# Collected data entries
>>>
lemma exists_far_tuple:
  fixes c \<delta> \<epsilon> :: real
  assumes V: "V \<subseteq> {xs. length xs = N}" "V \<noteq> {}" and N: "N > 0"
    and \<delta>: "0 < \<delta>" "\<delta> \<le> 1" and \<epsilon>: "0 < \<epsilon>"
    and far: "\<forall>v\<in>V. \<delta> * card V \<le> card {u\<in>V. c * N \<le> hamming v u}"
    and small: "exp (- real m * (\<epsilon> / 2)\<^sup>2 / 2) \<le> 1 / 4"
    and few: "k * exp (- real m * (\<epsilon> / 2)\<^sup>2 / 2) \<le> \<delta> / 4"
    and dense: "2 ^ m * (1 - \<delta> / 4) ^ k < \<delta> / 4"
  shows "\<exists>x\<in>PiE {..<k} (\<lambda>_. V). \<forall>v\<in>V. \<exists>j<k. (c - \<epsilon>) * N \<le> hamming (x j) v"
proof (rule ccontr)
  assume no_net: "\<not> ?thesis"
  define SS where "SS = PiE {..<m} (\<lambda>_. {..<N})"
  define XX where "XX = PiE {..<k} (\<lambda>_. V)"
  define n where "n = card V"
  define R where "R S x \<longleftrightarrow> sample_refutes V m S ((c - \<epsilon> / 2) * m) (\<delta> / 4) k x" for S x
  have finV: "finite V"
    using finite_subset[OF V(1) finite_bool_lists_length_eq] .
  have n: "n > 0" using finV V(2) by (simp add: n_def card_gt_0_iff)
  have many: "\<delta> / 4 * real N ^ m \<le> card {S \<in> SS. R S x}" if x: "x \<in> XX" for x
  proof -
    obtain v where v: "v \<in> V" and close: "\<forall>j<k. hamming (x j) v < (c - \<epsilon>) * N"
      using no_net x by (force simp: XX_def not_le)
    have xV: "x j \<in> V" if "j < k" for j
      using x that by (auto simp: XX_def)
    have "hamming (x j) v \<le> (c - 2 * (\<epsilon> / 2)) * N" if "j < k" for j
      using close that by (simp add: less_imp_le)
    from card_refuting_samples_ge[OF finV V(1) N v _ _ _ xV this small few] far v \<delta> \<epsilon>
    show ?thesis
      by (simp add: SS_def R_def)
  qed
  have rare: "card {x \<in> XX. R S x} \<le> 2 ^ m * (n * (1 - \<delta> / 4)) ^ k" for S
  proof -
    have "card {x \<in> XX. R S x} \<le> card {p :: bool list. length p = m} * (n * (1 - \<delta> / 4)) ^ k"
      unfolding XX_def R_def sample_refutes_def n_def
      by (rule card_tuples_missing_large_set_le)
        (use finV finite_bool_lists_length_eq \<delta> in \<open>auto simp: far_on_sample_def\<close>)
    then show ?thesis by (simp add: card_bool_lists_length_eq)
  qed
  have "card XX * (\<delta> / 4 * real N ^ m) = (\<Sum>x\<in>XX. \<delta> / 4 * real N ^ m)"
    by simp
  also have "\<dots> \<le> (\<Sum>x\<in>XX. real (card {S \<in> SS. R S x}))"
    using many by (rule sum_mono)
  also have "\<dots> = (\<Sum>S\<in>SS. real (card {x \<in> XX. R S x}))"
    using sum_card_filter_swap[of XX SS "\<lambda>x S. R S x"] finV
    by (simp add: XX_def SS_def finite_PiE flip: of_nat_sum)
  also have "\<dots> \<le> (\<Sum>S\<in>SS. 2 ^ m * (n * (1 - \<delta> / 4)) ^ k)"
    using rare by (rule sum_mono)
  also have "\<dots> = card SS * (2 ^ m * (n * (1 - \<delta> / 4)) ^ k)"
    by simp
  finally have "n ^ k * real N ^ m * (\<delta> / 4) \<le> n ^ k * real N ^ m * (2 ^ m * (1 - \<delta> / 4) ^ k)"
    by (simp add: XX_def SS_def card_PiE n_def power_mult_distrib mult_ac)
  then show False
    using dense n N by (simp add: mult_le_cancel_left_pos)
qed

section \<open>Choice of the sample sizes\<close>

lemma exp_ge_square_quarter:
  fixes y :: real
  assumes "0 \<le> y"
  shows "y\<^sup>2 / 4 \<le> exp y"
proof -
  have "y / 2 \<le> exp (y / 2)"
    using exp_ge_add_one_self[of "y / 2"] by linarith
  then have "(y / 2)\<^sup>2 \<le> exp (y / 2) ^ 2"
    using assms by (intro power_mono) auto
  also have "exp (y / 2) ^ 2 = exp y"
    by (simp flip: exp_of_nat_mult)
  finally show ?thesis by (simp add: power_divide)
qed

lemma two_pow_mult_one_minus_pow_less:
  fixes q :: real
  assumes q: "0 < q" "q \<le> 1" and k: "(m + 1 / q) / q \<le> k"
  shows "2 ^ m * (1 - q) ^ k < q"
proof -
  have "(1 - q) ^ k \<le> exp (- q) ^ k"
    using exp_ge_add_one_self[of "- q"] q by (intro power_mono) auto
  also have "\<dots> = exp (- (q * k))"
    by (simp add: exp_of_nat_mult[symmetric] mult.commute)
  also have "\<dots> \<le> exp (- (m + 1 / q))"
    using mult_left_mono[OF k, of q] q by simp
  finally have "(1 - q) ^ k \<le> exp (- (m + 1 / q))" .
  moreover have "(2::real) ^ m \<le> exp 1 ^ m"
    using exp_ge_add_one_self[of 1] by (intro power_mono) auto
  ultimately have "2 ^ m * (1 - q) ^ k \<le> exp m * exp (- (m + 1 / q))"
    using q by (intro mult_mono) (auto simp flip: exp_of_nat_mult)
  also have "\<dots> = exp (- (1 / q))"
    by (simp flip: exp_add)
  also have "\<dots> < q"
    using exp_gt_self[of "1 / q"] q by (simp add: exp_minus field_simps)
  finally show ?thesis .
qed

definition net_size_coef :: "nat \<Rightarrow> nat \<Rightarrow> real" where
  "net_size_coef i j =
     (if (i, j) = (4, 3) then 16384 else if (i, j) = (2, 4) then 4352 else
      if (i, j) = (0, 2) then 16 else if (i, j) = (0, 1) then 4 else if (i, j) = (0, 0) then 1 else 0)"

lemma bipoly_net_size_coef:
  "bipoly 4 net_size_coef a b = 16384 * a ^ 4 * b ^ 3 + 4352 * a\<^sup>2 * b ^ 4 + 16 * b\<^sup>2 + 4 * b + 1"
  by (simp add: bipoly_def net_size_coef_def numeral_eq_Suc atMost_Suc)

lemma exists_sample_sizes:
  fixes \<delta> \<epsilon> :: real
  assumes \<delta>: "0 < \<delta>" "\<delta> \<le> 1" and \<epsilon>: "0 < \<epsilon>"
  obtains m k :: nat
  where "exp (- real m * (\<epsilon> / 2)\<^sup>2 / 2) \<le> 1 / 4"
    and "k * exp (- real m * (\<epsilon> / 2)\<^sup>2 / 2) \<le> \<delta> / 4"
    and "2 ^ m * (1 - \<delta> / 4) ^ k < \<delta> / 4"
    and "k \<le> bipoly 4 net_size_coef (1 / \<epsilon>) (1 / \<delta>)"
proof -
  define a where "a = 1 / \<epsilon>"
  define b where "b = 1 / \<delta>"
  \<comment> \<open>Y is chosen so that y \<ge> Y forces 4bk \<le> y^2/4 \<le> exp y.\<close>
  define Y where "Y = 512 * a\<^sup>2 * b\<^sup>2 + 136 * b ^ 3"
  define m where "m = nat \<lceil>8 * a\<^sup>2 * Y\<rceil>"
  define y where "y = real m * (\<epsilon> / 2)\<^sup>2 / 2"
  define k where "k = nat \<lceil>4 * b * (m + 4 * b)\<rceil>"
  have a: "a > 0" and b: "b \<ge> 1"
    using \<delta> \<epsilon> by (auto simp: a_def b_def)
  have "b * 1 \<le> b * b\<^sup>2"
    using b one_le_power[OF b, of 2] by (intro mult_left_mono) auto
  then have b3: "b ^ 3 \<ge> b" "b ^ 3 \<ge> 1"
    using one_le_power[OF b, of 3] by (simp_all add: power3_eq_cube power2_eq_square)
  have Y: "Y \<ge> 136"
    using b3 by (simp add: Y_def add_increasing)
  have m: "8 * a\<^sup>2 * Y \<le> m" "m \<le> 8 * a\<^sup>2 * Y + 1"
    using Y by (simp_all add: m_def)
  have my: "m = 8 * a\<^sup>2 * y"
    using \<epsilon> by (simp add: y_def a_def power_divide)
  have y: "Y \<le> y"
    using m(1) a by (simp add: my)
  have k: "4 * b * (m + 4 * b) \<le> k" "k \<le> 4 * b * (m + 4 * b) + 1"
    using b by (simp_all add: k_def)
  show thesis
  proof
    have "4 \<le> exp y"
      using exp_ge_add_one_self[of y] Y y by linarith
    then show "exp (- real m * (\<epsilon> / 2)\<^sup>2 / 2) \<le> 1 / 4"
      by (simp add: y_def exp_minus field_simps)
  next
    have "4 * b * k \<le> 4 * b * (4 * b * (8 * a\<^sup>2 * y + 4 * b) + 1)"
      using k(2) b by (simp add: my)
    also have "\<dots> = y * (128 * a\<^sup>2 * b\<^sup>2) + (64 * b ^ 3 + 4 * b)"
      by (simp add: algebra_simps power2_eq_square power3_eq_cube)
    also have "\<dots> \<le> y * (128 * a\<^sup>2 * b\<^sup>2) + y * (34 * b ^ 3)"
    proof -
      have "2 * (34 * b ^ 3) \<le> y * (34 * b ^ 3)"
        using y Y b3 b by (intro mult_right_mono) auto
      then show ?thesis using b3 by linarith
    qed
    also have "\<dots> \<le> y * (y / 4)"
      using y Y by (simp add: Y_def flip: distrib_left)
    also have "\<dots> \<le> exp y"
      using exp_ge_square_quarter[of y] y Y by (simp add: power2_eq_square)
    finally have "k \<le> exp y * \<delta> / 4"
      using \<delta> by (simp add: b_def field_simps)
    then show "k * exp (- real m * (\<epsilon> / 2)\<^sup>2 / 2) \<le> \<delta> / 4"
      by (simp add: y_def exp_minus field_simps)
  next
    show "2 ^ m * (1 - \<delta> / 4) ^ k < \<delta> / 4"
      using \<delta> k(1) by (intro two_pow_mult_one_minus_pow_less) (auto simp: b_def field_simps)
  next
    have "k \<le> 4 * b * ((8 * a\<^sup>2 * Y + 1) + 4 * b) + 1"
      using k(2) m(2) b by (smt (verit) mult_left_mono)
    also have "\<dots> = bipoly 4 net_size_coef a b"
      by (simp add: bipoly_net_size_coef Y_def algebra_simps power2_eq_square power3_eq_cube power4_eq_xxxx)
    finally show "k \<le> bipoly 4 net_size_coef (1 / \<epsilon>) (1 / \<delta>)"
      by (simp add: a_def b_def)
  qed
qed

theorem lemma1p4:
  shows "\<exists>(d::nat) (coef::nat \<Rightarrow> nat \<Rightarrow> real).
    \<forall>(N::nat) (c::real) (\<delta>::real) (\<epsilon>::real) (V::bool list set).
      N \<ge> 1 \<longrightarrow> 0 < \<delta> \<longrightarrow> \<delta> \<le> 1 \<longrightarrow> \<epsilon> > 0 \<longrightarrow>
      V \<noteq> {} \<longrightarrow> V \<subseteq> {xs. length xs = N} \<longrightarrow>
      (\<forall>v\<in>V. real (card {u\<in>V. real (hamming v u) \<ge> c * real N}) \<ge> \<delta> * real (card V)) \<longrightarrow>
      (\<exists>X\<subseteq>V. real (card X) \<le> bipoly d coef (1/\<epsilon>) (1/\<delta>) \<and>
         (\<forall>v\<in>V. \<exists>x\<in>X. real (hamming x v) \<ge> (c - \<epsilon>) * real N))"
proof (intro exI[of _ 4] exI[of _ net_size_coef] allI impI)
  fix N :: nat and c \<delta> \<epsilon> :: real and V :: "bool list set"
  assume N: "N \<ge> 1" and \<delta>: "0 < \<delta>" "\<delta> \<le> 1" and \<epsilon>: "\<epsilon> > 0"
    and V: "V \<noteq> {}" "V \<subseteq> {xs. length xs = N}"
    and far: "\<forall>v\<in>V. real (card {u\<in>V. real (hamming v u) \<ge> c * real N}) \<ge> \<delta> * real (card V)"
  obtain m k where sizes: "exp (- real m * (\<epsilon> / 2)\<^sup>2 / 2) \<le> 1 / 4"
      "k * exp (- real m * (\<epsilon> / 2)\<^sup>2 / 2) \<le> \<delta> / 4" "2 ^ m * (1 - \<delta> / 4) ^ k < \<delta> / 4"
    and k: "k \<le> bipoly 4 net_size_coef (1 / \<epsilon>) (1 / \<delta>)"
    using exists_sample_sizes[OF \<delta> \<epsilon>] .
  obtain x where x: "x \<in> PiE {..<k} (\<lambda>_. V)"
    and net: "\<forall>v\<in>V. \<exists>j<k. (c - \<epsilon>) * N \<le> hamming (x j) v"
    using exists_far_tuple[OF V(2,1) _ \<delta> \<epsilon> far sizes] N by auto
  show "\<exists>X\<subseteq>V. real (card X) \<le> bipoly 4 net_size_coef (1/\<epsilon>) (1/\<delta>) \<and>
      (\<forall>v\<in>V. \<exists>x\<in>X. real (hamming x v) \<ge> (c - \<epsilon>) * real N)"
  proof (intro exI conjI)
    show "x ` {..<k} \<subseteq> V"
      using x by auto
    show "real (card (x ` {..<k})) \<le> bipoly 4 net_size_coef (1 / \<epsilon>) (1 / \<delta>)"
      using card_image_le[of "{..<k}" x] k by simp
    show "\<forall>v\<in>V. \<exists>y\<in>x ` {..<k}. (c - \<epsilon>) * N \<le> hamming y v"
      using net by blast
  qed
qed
<<<
>>>
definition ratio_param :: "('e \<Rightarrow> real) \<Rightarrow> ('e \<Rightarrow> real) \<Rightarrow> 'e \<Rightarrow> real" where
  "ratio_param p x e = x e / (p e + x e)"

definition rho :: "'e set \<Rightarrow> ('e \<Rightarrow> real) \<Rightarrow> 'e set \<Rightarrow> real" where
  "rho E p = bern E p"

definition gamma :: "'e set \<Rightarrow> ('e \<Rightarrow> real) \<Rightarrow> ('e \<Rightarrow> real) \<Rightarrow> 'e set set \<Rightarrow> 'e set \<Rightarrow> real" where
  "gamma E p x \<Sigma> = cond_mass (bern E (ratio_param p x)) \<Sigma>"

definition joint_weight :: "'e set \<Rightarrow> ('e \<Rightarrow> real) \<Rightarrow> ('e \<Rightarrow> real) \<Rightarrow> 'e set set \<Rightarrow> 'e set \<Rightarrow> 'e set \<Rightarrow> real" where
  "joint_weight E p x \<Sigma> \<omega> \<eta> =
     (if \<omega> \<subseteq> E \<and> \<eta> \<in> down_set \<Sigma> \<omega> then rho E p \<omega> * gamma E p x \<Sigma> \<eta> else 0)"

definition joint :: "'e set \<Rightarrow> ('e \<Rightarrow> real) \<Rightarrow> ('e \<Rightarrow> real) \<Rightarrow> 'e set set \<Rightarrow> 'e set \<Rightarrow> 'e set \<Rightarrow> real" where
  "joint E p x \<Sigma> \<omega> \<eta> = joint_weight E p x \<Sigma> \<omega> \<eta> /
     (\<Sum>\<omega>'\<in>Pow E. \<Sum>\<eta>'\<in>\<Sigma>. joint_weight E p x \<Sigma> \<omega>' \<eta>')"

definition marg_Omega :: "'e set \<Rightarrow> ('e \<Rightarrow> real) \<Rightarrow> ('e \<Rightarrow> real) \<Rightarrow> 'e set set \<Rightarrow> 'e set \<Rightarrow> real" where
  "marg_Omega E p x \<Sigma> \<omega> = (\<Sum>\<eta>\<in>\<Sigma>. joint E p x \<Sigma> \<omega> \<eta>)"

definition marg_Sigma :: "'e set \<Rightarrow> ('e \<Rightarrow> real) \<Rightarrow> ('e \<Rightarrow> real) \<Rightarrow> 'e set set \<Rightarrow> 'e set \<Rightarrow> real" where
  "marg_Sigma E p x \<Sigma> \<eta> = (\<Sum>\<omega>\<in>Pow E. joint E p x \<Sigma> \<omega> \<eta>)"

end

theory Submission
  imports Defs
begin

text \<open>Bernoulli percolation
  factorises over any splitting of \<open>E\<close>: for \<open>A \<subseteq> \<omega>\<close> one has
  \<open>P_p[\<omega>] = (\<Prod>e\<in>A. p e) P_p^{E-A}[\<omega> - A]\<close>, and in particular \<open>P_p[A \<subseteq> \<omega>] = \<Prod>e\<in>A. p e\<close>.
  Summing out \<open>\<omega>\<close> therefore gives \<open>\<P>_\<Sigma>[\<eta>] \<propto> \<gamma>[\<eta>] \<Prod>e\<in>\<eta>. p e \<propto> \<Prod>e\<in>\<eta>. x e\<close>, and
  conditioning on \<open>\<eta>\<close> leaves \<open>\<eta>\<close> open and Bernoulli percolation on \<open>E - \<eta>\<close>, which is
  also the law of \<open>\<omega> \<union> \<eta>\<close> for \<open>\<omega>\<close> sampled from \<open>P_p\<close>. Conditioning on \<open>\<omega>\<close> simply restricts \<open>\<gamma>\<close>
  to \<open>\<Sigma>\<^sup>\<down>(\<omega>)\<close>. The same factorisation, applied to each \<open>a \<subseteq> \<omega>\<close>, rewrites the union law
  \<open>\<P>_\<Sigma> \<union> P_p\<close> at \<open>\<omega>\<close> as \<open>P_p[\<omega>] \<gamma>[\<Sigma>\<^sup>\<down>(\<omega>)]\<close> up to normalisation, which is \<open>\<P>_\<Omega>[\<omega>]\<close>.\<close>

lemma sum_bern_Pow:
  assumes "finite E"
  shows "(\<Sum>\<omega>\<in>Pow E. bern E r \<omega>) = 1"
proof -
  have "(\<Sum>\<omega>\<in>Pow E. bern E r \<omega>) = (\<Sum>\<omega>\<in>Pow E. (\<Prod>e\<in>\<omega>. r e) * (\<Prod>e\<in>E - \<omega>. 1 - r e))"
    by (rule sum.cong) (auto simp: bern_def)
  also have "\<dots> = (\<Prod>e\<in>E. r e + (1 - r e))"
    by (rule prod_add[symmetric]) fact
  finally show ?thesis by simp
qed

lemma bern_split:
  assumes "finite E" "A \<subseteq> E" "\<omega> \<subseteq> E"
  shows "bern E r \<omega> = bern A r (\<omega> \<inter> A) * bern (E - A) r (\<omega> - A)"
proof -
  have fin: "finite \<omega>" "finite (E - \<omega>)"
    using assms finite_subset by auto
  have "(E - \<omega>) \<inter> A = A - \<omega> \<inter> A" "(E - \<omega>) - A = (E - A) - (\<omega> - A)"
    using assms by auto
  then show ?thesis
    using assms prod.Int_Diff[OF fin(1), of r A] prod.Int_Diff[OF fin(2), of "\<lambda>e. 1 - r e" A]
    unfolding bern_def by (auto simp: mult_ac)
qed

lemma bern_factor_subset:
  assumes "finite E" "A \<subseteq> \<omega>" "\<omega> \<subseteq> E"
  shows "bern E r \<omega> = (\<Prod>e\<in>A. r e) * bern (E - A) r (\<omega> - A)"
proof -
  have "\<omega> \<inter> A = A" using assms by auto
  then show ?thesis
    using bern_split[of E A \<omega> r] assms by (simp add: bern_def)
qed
<<<
# Exercise description
Start with the line above that contains "k \<le> exp (- (m" and end with the line that contains "by (simp flip: exp_add)". Write out those lines exactly, and only those.

# The answer
  finally have "(1 - q) ^ k \<le> exp (- (m + 1 / q))" .
  moreover have "(2::real) ^ m \<le> exp 1 ^ m"
    using exp_ge_add_one_self[of 1] by (intro power_mono) auto
  ultimately have "2 ^ m * (1 - q) ^ k \<le> exp m * exp (- (m + 1 / q))"
    using q by (intro mult_mono) (auto simp flip: exp_of_nat_mult)
  also have "\<dots> = exp (- (1 / q))"
    by (simp flip: exp_add)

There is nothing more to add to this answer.